Perhaps, I would have just lain there and watched another common, dreary day crawl towards a lugubrious evening through the thin curtains of the narrow window. But something turned inside me, a kind of physical sensation, a tight knot that choked my throat and began to beat upon my chest with dull thuds.
I became too restless to keep lying and I sat up with a jerk. There was an itch to write  Familiar. 
But I was not carrying my notebook. So I just picked up the hotel’s monogrammed letter pad from the bedside table and started scribbling…
By evening, when the time came for me to check out because I had to board a train that was leaving for Calcutta, the entire notepad was filled with many crossed, uncrossed, disjointed sentences, phrases and paragraphs. Mostly gibberish.  Some phrases made sense, a whole lot of it didn't.
Anyway, I tore the sheets off the notepad, thrust them into my bag, and left the hotel…

The next day I landed home, armed with ambiguities and impeded by the insidious consciousness, but decisive about turning my limitations to good purpose.

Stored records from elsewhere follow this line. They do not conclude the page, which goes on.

(* Let $A$ be a unital power-associative algebra over a field of characteristic zero and let $R$ be a Rota–Baxter operator of nonzero weight $\lambda$ on $A$. If $R(1)$ is nilpotent, then $R(1)=0$ and $R$ is splitting.
   Context: A linear operator $R\colon A\to A$ is a Rota–Baxter operator of weight $\lambda$ if $R(x)R(y)=R(R(x)y+xR(y)+\lambda xy)$ for all $x,y\in A$. An algebra is power-associative if every element generates an associative subalgebra. An RB-operator $R$ of weight $\lambda$ is splitting if $A=A_1\oplus A_2$ as vector spaces for subalgebras $A_1,A_2$ and $R(a_1+a_2)=-\lambda a_2$ for $a_1\in A_1$, $a_2\in A_2$. *)

theory Defs
  imports Complex_Main
begin

definition bilinear_mul :: "('k::field \<Rightarrow> 'v::ab_group_add \<Rightarrow> 'v) \<Rightarrow> ('v \<Rightarrow> 'v \<Rightarrow> 'v) \<Rightarrow> bool" where
  "bilinear_mul scale mul \<longleftrightarrow>
     (\<forall>x y z. mul (x + y) z = mul x z + mul y z) \<and>
     (\<forall>x y z. mul x (y + z) = mul x y + mul x z) \<and>
     (\<forall>a x y. mul (scale a x) y = scale a (mul x y)) \<and>
     (\<forall>a x y. mul x (scale a y) = scale a (mul x y))"

definition alg_unit :: "('v \<Rightarrow> 'v \<Rightarrow> 'v) \<Rightarrow> 'v \<Rightarrow> bool" where
  "alg_unit mul e \<longleftrightarrow> (\<forall>x. mul e x = x \<and> mul x e = x)"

'Meshes of Smoke'  was finally published in April 2011, and a dream was fulfilled. The dream to see my written words on pages of a 'real' book. That feeling of touching 'my baby' for the first time. The smell of new paper and print!
Those authors who have gone through this experience will agree with me that nothing compares to this absolute bliss!
 'Meshes’ was appreciated and talked about. One reader told me that she felt like some kind of catharsis is happening to her when she finished reading the book. That feels good!

I would like to share some very special comments about my book, from a special friend William Michaelian. 

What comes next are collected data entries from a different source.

lemma lat_submod: assumes "p > 1" shows "submod p n (lat p n)"
  unfolding submod_def using assms vzero_lat vadd_lat smul_lat by blast

lemma submod_lat: "submod p n M \<Longrightarrow> M \<subseteq> lat p n"
  unfolding submod_def by blast

lemma span_least: "submod p n M \<Longrightarrow> S \<subseteq> M \<Longrightarrow> span p n S \<subseteq> M"
  unfolding span_def by blast

lemma span_sup: "S \<subseteq> span p n S"
  unfolding span_def by blast

lemma span_mono: "S \<subseteq> T \<Longrightarrow> span p n S \<subseteq> span p n T"
  unfolding span_def by blast

lemma span_submod: assumes "p > 1" "S \<subseteq> lat p n" shows "submod p n (span p n S)"
proof -
  have ne: "lat p n \<in> {M. submod p n M \<and> S \<subseteq> M}" using assms lat_submod by blast
  show ?thesis unfolding submod_def
  proof (intro conjI ballI)
    show "span p n S \<subseteq> lat p n" using ne unfolding span_def by blast
    show "vzero \<in> span p n S" unfolding span_def submod_def by blast
    fix x y assume "x \<in> span p n S" "y \<in> span p n S"
    then show "vadd p x y \<in> span p n S" unfolding span_def submod_def by blast
  next
    fix a x assume "a \<in> padic_set p" "x \<in> span p n S"
    then show "smul p a x \<in> span p n S" unfolding span_def submod_def by blast
  qed
qed

lemma brk_mono: "A \<subseteq> A' \<Longrightarrow> B \<subseteq> B' \<Longrightarrow> brk p n br A B \<subseteq> brk p n br A' B'"
  unfolding brk_def by (rule span_mono) blast

lemma brk_gen: "a \<in> A \<Longrightarrow> b \<in> B \<Longrightarrow> br a b \<in> brk p n br A B"
proof -
  assume "a \<in> A" "b \<in> B"
  then have "br a b \<in> {br a b | a b. a \<in> A \<and> b \<in> B}" by blast
  then show ?thesis unfolding brk_def by (rule subsetD[OF span_sup])
qed

lemma brk_least: "submod p n M \<Longrightarrow> (\<And>a b. a \<in> A \<Longrightarrow> b \<in> B \<Longrightarrow> br a b \<in> M) \<Longrightarrow> brk p n br A B \<subseteq> M"
  unfolding brk_def by (rule span_least) blast+

lemma brk_submod: assumes "p > 1" "zp_lie_lattice p n br" "A \<subseteq> lat p n" "B \<subseteq> lat p n"
  shows "submod p n (brk p n br A B)"
  unfolding brk_def using assms unfolding zp_lie_lattice_def
  by (intro span_submod) blast+

lemma pint_power_padic_set: "p > 1 \<Longrightarrow> pint p (p^k) \<in> padic_set p"
  by (rule pint_padic_set) simp

lemma smul_pint_power_add: "smul p (pint p (p^(a+b))) x = smul p (pint p (p^a)) (smul p (pint p (p^b)) x)"
  by (simp add: smul_smul power_add)

lemma submod_iso_L: assumes "p > 1" "submod p n M" shows "submod p n (iso_L p n M)"
  unfolding submod_def
proof (intro conjI ballI)
  show "iso_L p n M \<subseteq> lat p n" unfolding iso_L_def by blast
  have "smul p (pint p (p^0)) vzero \<in> M" using assms(2) by (simp add: smul_vzero submod_def)
  then show "vzero \<in> iso_L p n M" unfolding iso_L_def using vzero_lat[OF assms(1)] by blast
next
  fix x y assume "x \<in> iso_L p n M" "y \<in> iso_L p n M"
  then obtain a b where x: "x \<in> lat p n" "smul p (pint p (p^a)) x \<in> M"
    and y: "y \<in> lat p n" "smul p (pint p (p^b)) y \<in> M" unfolding iso_L_def by blast
  have "smul p (pint p (p^(a+b))) (vadd p x y) =
     vadd p (smul p (pint p (p^b)) (smul p (pint p (p^a)) x)) (smul p (pint p (p^a)) (smul p (pint p (p^b)) y))"
    by (simp add: smul_vadd smul_pint_power_add[symmetric] add.commute)
  also have "\<dots> \<in> M" using assms(1,2) x y pint_power_padic_set[OF assms(1)] unfolding submod_def by blast
  finally show "vadd p x y \<in> iso_L p n M" unfolding iso_L_def using x y vadd_lat assms(1) by blast
next
  fix c x assume c: "c \<in> padic_set p" and "x \<in> iso_L p n M"
  then obtain a where x: "x \<in> lat p n" "smul p (pint p (p^a)) x \<in> M" unfolding iso_L_def by blast
  have "smul p (pint p (p^a)) (smul p c x) = smul p c (smul p (pint p (p^a)) x)" by (rule smul_left_commute)
  also have "\<dots> \<in> M" using assms(2) c x unfolding submod_def by blast
  finally show "smul p c x \<in> iso_L p n M" unfolding iso_L_def using x c smul_lat assms(1) by blast
qed

lemma subset_iso_L: assumes "p > 1" "M \<subseteq> lat p n" shows "M \<subseteq> iso_L p n M"
proof
  fix x assume "x \<in> M"
  then have "x \<in> lat p n" "smul p (pint p (p^0)) x \<in> M" using assms smul_one[of x p n] by auto
  then show "x \<in> iso_L p n M" unfolding iso_L_def by blast
qed

lemma brk_iso_L_subset: assumes "p > 1" "zp_lie_lattice p n br" "submod p n M"
  shows "brk p n br (iso_L p n M) (iso_L p n M) \<subseteq> iso_L p n (brk p n br M M)"
proof (rule brk_least)
  have Mlat: "M \<subseteq> lat p n" using assms(3) by (rule submod_lat)
  show "submod p n (iso_L p n (brk p n br M M))"
    using assms Mlat by (intro submod_iso_L brk_submod) auto
  fix x y assume "x \<in> iso_L p n M" "y \<in> iso_L p n M"
  then obtain a b where x: "x \<in> lat p n" "smul p (pint p (p^a)) x \<in> M"
    and y: "y \<in> lat p n" "smul p (pint p (p^b)) y \<in> M" unfolding iso_L_def by blast
  have pa: "pint p (p^a) \<in> padic_set p" and pb: "pint p (p^b) \<in> padic_set p"
    using pint_power_padic_set assms(1) by auto
  have yl: "smul p (pint p (p^b)) y \<in> lat p n" using smul_lat assms(1) pb y by blast
  have "smul p (pint p (p^(a+b))) (br x y) = smul p (pint p (p^a)) (smul p (pint p (p^b)) (br x y))"
    by (rule smul_pint_power_add)
  also have "\<dots> = smul p (pint p (p^a)) (br x (smul p (pint p (p^b)) y))"
    using assms(2) pb x y unfolding zp_lie_lattice_def by simp
  also have "\<dots> = br (smul p (pint p (p^a)) x) (smul p (pint p (p^b)) y)"
    using assms(2) pa x yl unfolding zp_lie_lattice_def by simp
  also have "\<dots> \<in> brk p n br M M" using x y by (intro brk_gen)
  finally show "br x y \<in> iso_L p n (brk p n br M M)"
    unfolding iso_L_def using assms(2) x y unfolding zp_lie_lattice_def by blast
qed

lemma derived_submod: assumes "p > 1" "zp_lie_lattice p n br" "submod p n M"
  shows "submod p n (derived p n br M k)"
  using assms by (induction k) (auto intro: brk_submod dest: submod_lat)

lemma derived_iso_L_subset: assumes "p > 1" "zp_lie_lattice p n br" "submod p n M"
  shows "derived p n br (iso_L p n M) k \<subseteq> iso_L p n (derived p n br M k)"
proof (induction k)
  case 0 then show ?case by simp
next
  case (Suc k)
  have "derived p n br (iso_L p n M) (Suc k) \<subseteq>
     brk p n br (iso_L p n (derived p n br M k)) (iso_L p n (derived p n br M k))"
    using Suc by (simp add: brk_mono)
  also have "\<dots> \<subseteq> iso_L p n (derived p n br M (Suc k))"
    using brk_iso_L_subset[OF assms(1,2) derived_submod[OF assms]] by simp
  finally show ?case .
qed

lemma iso_L_zero: assumes "p > 1" shows "iso_L p n {vzero} = {vzero}"
  unfolding iso_L_def using lat_torsion_free[OF assms] vzero_lat[OF assms] smul_one[OF vzero_lat[OF assms] assms]
  by (auto intro!: exI[of _ 0])

lemma lie_ideal_iso_L: assumes "p > 1" "zp_lie_lattice p n br" "lie_ideal p n br R"
  shows "lie_ideal p n br (iso_L p n R)"
  unfolding lie_ideal_def
proof
  have sR: "submod p n R" using assms(3) unfolding lie_ideal_def by blast
  show "submod p n (iso_L p n R)" using submod_iso_L[OF assms(1) sR] .
  show "brk p n br (iso_L p n R) (lat p n) \<subseteq> iso_L p n R"
  proof (rule brk_least)
    show "submod p n (iso_L p n R)" using submod_iso_L[OF assms(1) sR] .
    fix x y assume "x \<in> iso_L p n R" "y \<in> lat p n"
    then obtain a where x: "x \<in> lat p n" "smul p (pint p (p^a)) x \<in> R" unfolding iso_L_def by blast
    have "smul p (pint p (p^a)) (br x y) = br (smul p (pint p (p^a)) x) y"
      using assms(2) pint_power_padic_set[OF assms(1)] x \<open>y \<in> lat p n\<close> unfolding zp_lie_lattice_def by simp
    also have "\<dots> \<in> R" using assms(3) x \<open>y \<in> lat p n\<close> brk_gen unfolding lie_ideal_def by blast
    finally show "br x y \<in> iso_L p n R"
      unfolding iso_L_def using assms(2) x \<open>y \<in> lat p n\<close> unfolding zp_lie_lattice_def by blast
  qed
qed

lemma soluble_ideal_iso_L:
  assumes "p > 1" "zp_lie_lattice p n br" "soluble_ideal p n br M"
  shows "soluble_ideal p n br (iso_L p n M)"
proof -
  have ideal: "lie_ideal p n br M" and "\<exists>k. derived p n br M k = {vzero}"
    using assms(3) unfolding soluble_ideal_def by auto
  then obtain k where k: "derived p n br M k = {vzero}" by blast
  have sM: "submod p n M" using ideal unfolding lie_ideal_def by blast
  have "derived p n br (iso_L p n M) k \<subseteq> {vzero}"
    using derived_iso_L_subset[OF assms(1,2) sM, of k] k iso_L_zero[OF assms(1)] by simp
  moreover have "vzero \<in> derived p n br (iso_L p n M) k"
    using derived_submod[OF assms(1,2) submod_iso_L[OF assms(1) sM]] unfolding submod_def by blast
  ultimately have "derived p n br (iso_L p n M) k = {vzero}" by blast
  then show ?thesis unfolding soluble_ideal_def using lie_ideal_iso_L[OF assms(1,2) ideal] by blast
qed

Here is what  William Michaelian  said:

“Dear Nazia, Your story is compelling and you told it well, without unnecessary digression or diversion...Life by its very nature is not meant to be safe, and your book speaks to that. It speaks to the heart. It hurts. It speaks to the mind, and the tangled web of habit, thought, tradition, and culture, some of which is so beautiful on the surface but ironclad beneath. And again it hurts. Through it all, I really did feel concern for everyone in this messy painful circle of family, lovers, and friends. No further proof is needed than this: I thought about them when I wasn't reading, and when I was involved in other things. And I feel I know you that much better, which is a gift in its own right.
Thank you William, once again. 


Incidentally Meshes of Smoke is not a " popular" book. Surely not a best seller of any kind. It is still lying in relative obscurity but whoever has read it has got back to me, saying, they were "moved". And for a first time novelist this means a lot!! Every scrap of praise thrown in my way is grabbed and cherished. Dil se...
Though I understand it is a difficult book to go through, and also difficult to come out feeling sanguine about life, marriage and relationships after reading it. 

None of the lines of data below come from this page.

lemma (in group) perfect_normal_subgroup_trivial_if_magnus_property:
  assumes fin: "finite (carrier G)" and mp: "magnus_property G"
    and D: "D \<lhd> G" and perfect: "derived G D = D"
  shows "D = {\<one>}"
proof (rule ccontr)
  assume "D \<noteq> {\<one>}"
  then obtain L where L: "L \<lhd> G" "L \<subset> D"
    and maximal: "\<forall>M. M \<lhd> G \<longrightarrow> L \<subseteq> M \<longrightarrow> M \<subset> D \<longrightarrow> M = L"
    using exists_maximal_normal_subgroup_below[OF fin D] by blast
  then obtain x where x: "x \<in> D - L"
    and cover: "\<forall>k\<in>normal_closure G x - L. conjugate G k x \<or> conjugate G k (inv x)"
    using magnus_property_minimal_normal_closure[OF fin mp D] by blast
  interpret D: normal D G by fact
  interpret L: normal L G by fact
  interpret quotient: group_hom G "G Mod L" "\<lambda>a. L #> a"
    by (simp add: group_hom_def group_hom_axioms_def is_group L.factorgroup_is_group L.r_coset_hom_Mod)
  have xG: "x \<in> carrier G"
    using x D.subset by blast
  have closure_sub: "normal_closure G x \<subseteq> carrier G"
    using normal_closure_normal[OF xG] normal_imp_subgroup subgroup.subset by blast
  have "normal_closure G x <#> L = D"
    using x normal_closure_minimal[OF D] mem_normal_closure[OF xG]
    by (intro set_mult_eq_if_maximal_normal[OF normal_closure_normal[OF xG] L(1) D _ L(2) _ maximal]) auto
  then have cover_Mod: "\<forall>q\<in>(\<lambda>a. L #> a) ` D. q \<noteq> \<one>\<^bsub>G Mod L\<^esub> \<longrightarrow>
      conjugate (G Mod L) q (L #> x) \<or> conjugate (G Mod L) q (inv\<^bsub>G Mod L\<^esub> (L #> x))"
    using quotient.img_conjugate_cover[OF closure_sub, unfolded L.kernel_r_coset_hom_Mod, OF _ xG cover]
    by simp
  have image_normal: "(\<lambda>a. L #> a) ` D \<lhd> G Mod L"
    using normal.surj_hom_normal_subgroup[OF D quotient.group_hom_axioms carrier_FactGroup[symmetric]] .
  have fin_Mod: "finite (carrier (G Mod L))"
    using fin by (simp add: carrier_FactGroup)
  have "L #> x \<in> (\<lambda>a. L #> a) ` D"
    using x by blast
  then have "\<forall>a\<in>(\<lambda>a. L #> a) ` D. \<forall>b\<in>(\<lambda>a. L #> a) ` D. a \<otimes>\<^bsub>G Mod L\<^esub> b = b \<otimes>\<^bsub>G Mod L\<^esub> a"
    by (rule group.commute_if_nontrivial_elements_conjugate[OF L.factorgroup_is_group fin_Mod image_normal _ cover_Mod])
  then have "D \<subseteq> L"
    by (rule L.perfect_subset_if_Mod_image_commute[OF D perfect])
  then show False
    using L(2) by blast
qed

theorem proposition1p1:
  fixes G :: "('a, 'b) monoid_scheme"
  assumes "group G" and "finite (carrier G)" and "magnus_property G"
  shows "solvable G"
proof (rule ccontr)
  interpret group G by fact
  assume "\<not> solvable G"
  then obtain D where "D \<lhd> G" "derived G D = D" "D \<noteq> {\<one>\<^bsub>G\<^esub>}"
    using exists_perfect_normal_subgroup_if_not_solvable[OF assms(2)] by blast
  then show False
    using perfect_normal_subgroup_trivial_if_magnus_property[OF assms(2,3)] by blast
qed

end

Now I have moved on to my second novel and everyday is a struggle with rewriting, editing, taking away chunks of paragraphs and then putting them back again. I am finding the second one even more difficult to write, because I am experimenting with a 'new genre.' I don’t know when I will be satisfied enough with it to allow it the light of the day…Que sera sera… 

However, 'Meshes of Smoke' will always stay closest to my heart!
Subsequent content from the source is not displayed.